Problem statement
Once you have read the listing, retype all of it exactly.
***** Excerpted records *****
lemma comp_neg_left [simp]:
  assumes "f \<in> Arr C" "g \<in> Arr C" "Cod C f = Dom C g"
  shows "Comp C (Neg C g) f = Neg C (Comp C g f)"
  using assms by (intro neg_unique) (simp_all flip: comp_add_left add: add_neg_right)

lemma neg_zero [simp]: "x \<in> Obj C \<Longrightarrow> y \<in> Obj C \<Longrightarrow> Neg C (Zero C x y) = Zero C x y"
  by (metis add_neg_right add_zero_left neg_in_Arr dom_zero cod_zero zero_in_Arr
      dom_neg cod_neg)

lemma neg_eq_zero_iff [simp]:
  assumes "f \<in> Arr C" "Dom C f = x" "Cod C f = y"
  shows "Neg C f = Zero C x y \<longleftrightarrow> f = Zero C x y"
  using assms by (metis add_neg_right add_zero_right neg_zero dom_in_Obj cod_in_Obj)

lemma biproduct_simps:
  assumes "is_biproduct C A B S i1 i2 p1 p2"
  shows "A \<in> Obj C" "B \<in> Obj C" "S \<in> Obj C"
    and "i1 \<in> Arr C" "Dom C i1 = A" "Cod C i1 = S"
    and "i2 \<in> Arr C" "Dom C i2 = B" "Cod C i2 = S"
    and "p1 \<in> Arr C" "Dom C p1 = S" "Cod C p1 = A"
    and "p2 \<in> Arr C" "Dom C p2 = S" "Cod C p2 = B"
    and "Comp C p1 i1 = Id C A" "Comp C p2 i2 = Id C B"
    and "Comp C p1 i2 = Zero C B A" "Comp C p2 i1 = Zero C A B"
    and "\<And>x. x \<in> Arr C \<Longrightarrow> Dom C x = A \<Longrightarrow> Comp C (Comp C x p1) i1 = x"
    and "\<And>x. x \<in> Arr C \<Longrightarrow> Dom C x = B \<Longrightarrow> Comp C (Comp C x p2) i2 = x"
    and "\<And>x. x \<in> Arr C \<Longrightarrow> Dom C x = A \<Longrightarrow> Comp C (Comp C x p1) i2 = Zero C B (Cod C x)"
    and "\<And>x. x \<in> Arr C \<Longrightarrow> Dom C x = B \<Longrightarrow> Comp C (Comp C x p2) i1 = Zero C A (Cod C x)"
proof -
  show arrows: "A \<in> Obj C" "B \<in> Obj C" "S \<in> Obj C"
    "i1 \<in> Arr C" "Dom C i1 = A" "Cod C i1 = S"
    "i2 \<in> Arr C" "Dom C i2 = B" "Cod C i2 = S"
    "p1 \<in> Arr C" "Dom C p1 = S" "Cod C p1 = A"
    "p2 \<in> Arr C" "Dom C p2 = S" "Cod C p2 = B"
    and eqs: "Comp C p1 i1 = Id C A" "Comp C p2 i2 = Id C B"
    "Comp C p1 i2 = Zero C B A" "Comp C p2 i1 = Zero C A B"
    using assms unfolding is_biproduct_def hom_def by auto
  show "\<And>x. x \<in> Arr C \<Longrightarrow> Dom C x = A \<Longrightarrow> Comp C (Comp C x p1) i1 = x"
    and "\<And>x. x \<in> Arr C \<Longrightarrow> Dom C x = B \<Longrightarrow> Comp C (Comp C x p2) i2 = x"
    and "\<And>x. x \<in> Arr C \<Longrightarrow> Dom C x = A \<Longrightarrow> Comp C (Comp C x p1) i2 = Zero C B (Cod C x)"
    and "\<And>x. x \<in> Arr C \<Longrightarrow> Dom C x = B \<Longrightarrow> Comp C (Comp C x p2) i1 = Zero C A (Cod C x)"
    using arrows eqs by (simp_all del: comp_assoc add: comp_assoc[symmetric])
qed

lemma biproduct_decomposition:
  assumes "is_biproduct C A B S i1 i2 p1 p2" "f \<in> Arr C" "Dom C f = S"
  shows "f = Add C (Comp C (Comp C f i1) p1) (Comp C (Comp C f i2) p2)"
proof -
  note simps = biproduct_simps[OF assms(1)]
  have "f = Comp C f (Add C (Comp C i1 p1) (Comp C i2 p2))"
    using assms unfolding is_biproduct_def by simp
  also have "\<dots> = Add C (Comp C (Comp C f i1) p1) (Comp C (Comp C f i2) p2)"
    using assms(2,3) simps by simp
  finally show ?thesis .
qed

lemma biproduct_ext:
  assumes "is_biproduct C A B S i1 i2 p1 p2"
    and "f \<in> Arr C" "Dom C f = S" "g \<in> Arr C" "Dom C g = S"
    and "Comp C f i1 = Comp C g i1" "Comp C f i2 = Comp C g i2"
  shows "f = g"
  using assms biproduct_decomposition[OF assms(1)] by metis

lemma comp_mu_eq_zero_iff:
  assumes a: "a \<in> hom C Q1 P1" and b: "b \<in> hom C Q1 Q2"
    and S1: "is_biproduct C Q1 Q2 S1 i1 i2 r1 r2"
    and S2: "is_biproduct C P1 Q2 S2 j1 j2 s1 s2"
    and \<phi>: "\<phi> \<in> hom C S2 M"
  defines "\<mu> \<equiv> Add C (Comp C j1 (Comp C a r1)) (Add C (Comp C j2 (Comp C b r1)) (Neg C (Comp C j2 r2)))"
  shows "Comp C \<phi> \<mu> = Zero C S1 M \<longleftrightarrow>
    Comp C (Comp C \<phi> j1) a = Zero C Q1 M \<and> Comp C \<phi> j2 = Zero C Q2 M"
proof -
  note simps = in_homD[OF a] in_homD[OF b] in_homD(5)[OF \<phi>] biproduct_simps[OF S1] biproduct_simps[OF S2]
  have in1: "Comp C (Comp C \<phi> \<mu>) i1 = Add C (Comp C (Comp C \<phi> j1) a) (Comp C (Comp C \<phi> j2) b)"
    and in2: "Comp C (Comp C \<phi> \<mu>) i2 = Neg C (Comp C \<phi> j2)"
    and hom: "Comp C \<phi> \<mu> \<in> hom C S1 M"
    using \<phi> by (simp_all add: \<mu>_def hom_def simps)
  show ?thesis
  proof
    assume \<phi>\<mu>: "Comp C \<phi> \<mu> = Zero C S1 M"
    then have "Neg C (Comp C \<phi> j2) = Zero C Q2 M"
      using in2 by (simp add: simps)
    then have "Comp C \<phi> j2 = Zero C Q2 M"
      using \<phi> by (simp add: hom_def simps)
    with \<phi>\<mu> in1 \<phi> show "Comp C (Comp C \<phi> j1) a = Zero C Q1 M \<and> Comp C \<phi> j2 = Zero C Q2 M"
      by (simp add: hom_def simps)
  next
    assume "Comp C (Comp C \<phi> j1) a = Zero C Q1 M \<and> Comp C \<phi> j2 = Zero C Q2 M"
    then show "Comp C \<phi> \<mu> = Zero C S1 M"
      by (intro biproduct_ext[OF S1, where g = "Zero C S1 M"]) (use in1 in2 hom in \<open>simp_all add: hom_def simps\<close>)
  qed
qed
*****
Reply to the task
lemma comp_neg_left [simp]:
  assumes "f \<in> Arr C" "g \<in> Arr C" "Cod C f = Dom C g"
  shows "Comp C (Neg C g) f = Neg C (Comp C g f)"
  using assms by (intro neg_unique) (simp_all flip: comp_add_left add: add_neg_right)

lemma neg_zero [simp]: "x \<in> Obj C \<Longrightarrow> y \<in> Obj C \<Longrightarrow> Neg C (Zero C x y) = Zero C x y"
  by (metis add_neg_right add_zero_left neg_in_Arr dom_zero cod_zero zero_in_Arr
      dom_neg cod_neg)

lemma neg_eq_zero_iff [simp]:
  assumes "f \<in> Arr C" "Dom C f = x" "Cod C f = y"
  shows "Neg C f = Zero C x y \<longleftrightarrow> f = Zero C x y"
  using assms by (metis add_neg_right add_zero_right neg_zero dom_in_Obj cod_in_Obj)

lemma biproduct_simps:
  assumes "is_biproduct C A B S i1 i2 p1 p2"
  shows "A \<in> Obj C" "B \<in> Obj C" "S \<in> Obj C"
    and "i1 \<in> Arr C" "Dom C i1 = A" "Cod C i1 = S"
    and "i2 \<in> Arr C" "Dom C i2 = B" "Cod C i2 = S"
    and "p1 \<in> Arr C" "Dom C p1 = S" "Cod C p1 = A"
    and "p2 \<in> Arr C" "Dom C p2 = S" "Cod C p2 = B"
    and "Comp C p1 i1 = Id C A" "Comp C p2 i2 = Id C B"
    and "Comp C p1 i2 = Zero C B A" "Comp C p2 i1 = Zero C A B"
    and "\<And>x. x \<in> Arr C \<Longrightarrow> Dom C x = A \<Longrightarrow> Comp C (Comp C x p1) i1 = x"
    and "\<And>x. x \<in> Arr C \<Longrightarrow> Dom C x = B \<Longrightarrow> Comp C (Comp C x p2) i2 = x"
    and "\<And>x. x \<in> Arr C \<Longrightarrow> Dom C x = A \<Longrightarrow> Comp C (Comp C x p1) i2 = Zero C B (Cod C x)"
    and "\<And>x. x \<in> Arr C \<Longrightarrow> Dom C x = B \<Longrightarrow> Comp C (Comp C x p2) i1 = Zero C A (Cod C x)"
proof -
  show arrows: "A \<in> Obj C" "B \<in> Obj C" "S \<in> Obj C"
    "i1 \<in> Arr C" "Dom C i1 = A" "Cod C i1 = S"
    "i2 \<in> Arr C" "Dom C i2 = B" "Cod C i2 = S"
    "p1 \<in> Arr C" "Dom C p1 = S" "Cod C p1 = A"
    "p2 \<in> Arr C" "Dom C p2 = S" "Cod C p2 = B"
    and eqs: "Comp C p1 i1 = Id C A" "Comp C p2 i2 = Id C B"
    "Comp C p1 i2 = Zero C B A" "Comp C p2 i1 = Zero C A B"
    using assms unfolding is_biproduct_def hom_def by auto
  show "\<And>x. x \<in> Arr C \<Longrightarrow> Dom C x = A \<Longrightarrow> Comp C (Comp C x p1) i1 = x"
    and "\<And>x. x \<in> Arr C \<Longrightarrow> Dom C x = B \<Longrightarrow> Comp C (Comp C x p2) i2 = x"
    and "\<And>x. x \<in> Arr C \<Longrightarrow> Dom C x = A \<Longrightarrow> Comp C (Comp C x p1) i2 = Zero C B (Cod C x)"
    and "\<And>x. x \<in> Arr C \<Longrightarrow> Dom C x = B \<Longrightarrow> Comp C (Comp C x p2) i1 = Zero C A (Cod C x)"
    using arrows eqs by (simp_all del: comp_assoc add: comp_assoc[symmetric])
qed

lemma biproduct_decomposition:
  assumes "is_biproduct C A B S i1 i2 p1 p2" "f \<in> Arr C" "Dom C f = S"
  shows "f = Add C (Comp C (Comp C f i1) p1) (Comp C (Comp C f i2) p2)"
proof -
  note simps = biproduct_simps[OF assms(1)]
  have "f = Comp C f (Add C (Comp C i1 p1) (Comp C i2 p2))"
    using assms unfolding is_biproduct_def by simp
  also have "\<dots> = Add C (Comp C (Comp C f i1) p1) (Comp C (Comp C f i2) p2)"
    using assms(2,3) simps by simp
  finally show ?thesis .
qed

lemma biproduct_ext:
  assumes "is_biproduct C A B S i1 i2 p1 p2"
    and "f \<in> Arr C" "Dom C f = S" "g \<in> Arr C" "Dom C g = S"
    and "Comp C f i1 = Comp C g i1" "Comp C f i2 = Comp C g i2"
  shows "f = g"
  using assms biproduct_decomposition[OF assms(1)] by metis

lemma comp_mu_eq_zero_iff:
  assumes a: "a \<in> hom C Q1 P1" and b: "b \<in> hom C Q1 Q2"
    and S1: "is_biproduct C Q1 Q2 S1 i1 i2 r1 r2"
    and S2: "is_biproduct C P1 Q2 S2 j1 j2 s1 s2"
    and \<phi>: "\<phi> \<in> hom C S2 M"
  defines "\<mu> \<equiv> Add C (Comp C j1 (Comp C a r1)) (Add C (Comp C j2 (Comp C b r1)) (Neg C (Comp C j2 r2)))"
  shows "Comp C \<phi> \<mu> = Zero C S1 M \<longleftrightarrow>
    Comp C (Comp C \<phi> j1) a = Zero C Q1 M \<and> Comp C \<phi> j2 = Zero C Q2 M"
proof -
  note simps = in_homD[OF a] in_homD[OF b] in_homD(5)[OF \<phi>] biproduct_simps[OF S1] biproduct_simps[OF S2]
  have in1: "Comp C (Comp C \<phi> \<mu>) i1 = Add C (Comp C (Comp C \<phi> j1) a) (Comp C (Comp C \<phi> j2) b)"
    and in2: "Comp C (Comp C \<phi> \<mu>) i2 = Neg C (Comp C \<phi> j2)"
    and hom: "Comp C \<phi> \<mu> \<in> hom C S1 M"
    using \<phi> by (simp_all add: \<mu>_def hom_def simps)
  show ?thesis
  proof
    assume \<phi>\<mu>: "Comp C \<phi> \<mu> = Zero C S1 M"
    then have "Neg C (Comp C \<phi> j2) = Zero C Q2 M"
      using in2 by (simp add: simps)
    then have "Comp C \<phi> j2 = Zero C Q2 M"
      using \<phi> by (simp add: hom_def simps)
    with \<phi>\<mu> in1 \<phi> show "Comp C (Comp C \<phi> j1) a = Zero C Q1 M \<and> Comp C \<phi> j2 = Zero C Q2 M"
      by (simp add: hom_def simps)
  next
    assume "Comp C (Comp C \<phi> j1) a = Zero C Q1 M \<and> Comp C \<phi> j2 = Zero C Q2 M"
    then show "Comp C \<phi> \<mu> = Zero C S1 M"
      by (intro biproduct_ext[OF S1, where g = "Zero C S1 M"]) (use in1 in2 hom in \<open>simp_all add: hom_def simps\<close>)
  qed
qed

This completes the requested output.